Note, ensemble standard deviation is often referred to as ensemble spread and is calculated as the standard deviation of the 10-members in the ensemble (i.e., including the control). It is not the sample standard deviation, and thus were calculated by dividing by 10 rather than 9 (N-1). See linked datasets for ensemble member and ensemble mean data.
The ERA5 global atmospheric reanalysis of the covers 1979 to 2 months behind the present month. This follows on from the ERA-15, ERA-40 rand ERA-interim re-analysis projects.
An initial release of ERA5 data (ERA5t) is made roughly 5 days behind the present date. These will be subsequently reviewed ahead of being released by ECMWF as quality assured data within 3 months. CEDA holds a 6 month rolling copy of the latest ERA5t data. See related datasets linked to from this record.
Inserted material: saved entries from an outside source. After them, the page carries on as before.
theorem theorem2p10:
  fixes Xs :: "'v set \<Rightarrow> ('v \<times> 'v) set \<Rightarrow> 'v set set"
    and V V' :: "'v set" and E E' :: "('v \<times> 'v) set"
    and \<phi>t :: "'v set \<Rightarrow> 'v set"
  assumes "Xset_param Xs"
    and "sgraph V E" and "no_isolated V E"
    and "sgraph V' E'" and "no_isolated V' E'"
    and "tar_iso Xs V E V' E' \<phi>t"
  shows "X_irrelevant_set Xs V' E' (V' - \<phi>t V)
    \<and> tar_iso Xs V E V' E' (nu (V' - \<phi>t V) \<circ> \<phi>t)
    \<and> (\<forall>S\<in>Xs V E. card ((nu (V' - \<phi>t V) \<circ> \<phi>t) S) = card S)"
proof -
  have up: "up_family V (Xs V E)" and up': "up_family V' (Xs V' E')"
    using up_family_Xs assms(1-5) by blast+
  have iso: "tar_iso_on \<phi>t (Xs V E) (Xs V' E')"
    using assms(6) by (simp add: tar_iso_eq_tar_iso_on)
  have "X_irrelevant_set Xs V' E' (V' - \<phi>t V)"
    using tar_iso_on_remove_outside_image_top[OF up up' iso] by (intro X_irrelevant_setI) auto
  moreover have "tar_iso Xs V E V' E' (nu (V' - \<phi>t V) \<circ> \<phi>t)"
    using tar_iso_on_nu_comp[OF up up' iso] by (simp add: tar_iso_eq_tar_iso_on)
  moreover have "\<forall>S\<in>Xs V E. card ((nu (V' - \<phi>t V) \<circ> \<phi>t) S) = card S"
    using card_nu_comp[OF up up' iso] by simp
  ultimately show ?thesis by blast
qed

end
However, for the period 2000-2006 the initial ERA5 release was found to suffer from stratospheric temperature biases and so new runs to address this issue were performed resulting in the ERA5.1 release (see linked datasets). Note, though, that Simmons et al. 2020 (technical memo 859) report that "ERA5.1 is very close to ERA5 in the lower and middle troposphere." but users of data from this period should read the technical memo 859 for further details.